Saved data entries
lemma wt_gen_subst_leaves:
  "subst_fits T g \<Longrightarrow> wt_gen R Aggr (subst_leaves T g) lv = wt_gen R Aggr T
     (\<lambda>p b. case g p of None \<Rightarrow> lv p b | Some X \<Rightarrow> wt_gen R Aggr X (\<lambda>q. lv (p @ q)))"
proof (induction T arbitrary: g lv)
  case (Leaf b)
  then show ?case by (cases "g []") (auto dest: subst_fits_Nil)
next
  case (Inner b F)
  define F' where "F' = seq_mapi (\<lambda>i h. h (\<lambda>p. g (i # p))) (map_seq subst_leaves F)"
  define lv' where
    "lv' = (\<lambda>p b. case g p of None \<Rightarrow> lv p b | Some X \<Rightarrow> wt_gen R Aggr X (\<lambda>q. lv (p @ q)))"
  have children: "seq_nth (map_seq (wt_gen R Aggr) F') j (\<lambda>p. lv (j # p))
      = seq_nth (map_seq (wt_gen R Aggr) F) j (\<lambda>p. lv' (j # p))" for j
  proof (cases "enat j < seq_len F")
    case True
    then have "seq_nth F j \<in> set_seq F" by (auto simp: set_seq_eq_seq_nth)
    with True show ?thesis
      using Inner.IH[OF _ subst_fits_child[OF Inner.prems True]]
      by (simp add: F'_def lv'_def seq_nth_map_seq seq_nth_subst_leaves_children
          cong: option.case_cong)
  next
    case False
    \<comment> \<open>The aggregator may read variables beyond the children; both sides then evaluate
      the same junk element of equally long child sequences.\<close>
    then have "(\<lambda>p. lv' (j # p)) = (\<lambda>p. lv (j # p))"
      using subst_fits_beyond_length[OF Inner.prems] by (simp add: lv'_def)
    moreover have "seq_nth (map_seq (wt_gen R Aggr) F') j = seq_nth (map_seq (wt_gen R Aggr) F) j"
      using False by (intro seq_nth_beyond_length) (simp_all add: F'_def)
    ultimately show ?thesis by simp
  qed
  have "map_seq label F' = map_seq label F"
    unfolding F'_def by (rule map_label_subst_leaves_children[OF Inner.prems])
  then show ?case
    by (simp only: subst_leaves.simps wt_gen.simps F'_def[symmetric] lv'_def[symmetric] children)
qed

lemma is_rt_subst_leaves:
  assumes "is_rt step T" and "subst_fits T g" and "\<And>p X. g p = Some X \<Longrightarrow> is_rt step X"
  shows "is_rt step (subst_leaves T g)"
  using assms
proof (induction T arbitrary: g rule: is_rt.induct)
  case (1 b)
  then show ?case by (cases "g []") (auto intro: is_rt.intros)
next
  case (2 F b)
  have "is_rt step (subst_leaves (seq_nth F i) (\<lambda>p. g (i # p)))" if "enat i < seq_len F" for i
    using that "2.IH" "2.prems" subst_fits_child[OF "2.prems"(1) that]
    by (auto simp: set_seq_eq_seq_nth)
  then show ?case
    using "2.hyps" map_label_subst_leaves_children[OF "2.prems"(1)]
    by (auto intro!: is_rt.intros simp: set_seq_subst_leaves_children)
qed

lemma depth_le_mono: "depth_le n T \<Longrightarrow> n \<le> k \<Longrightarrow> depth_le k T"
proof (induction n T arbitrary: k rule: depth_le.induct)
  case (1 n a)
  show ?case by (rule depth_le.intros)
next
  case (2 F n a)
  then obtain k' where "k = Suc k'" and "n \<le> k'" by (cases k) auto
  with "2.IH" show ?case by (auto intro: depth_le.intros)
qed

▸ Requirement
Filter the lines above, keeping each one that contains the string "intros".

▸ Response to the task
  then show ?case by (cases "g []") (auto intro: is_rt.intros)
    by (auto intro!: is_rt.intros simp: set_seq_subst_leaves_children)
  show ?case by (rule depth_le.intros)
  with "2.IH" show ?case by (auto intro: depth_le.intros)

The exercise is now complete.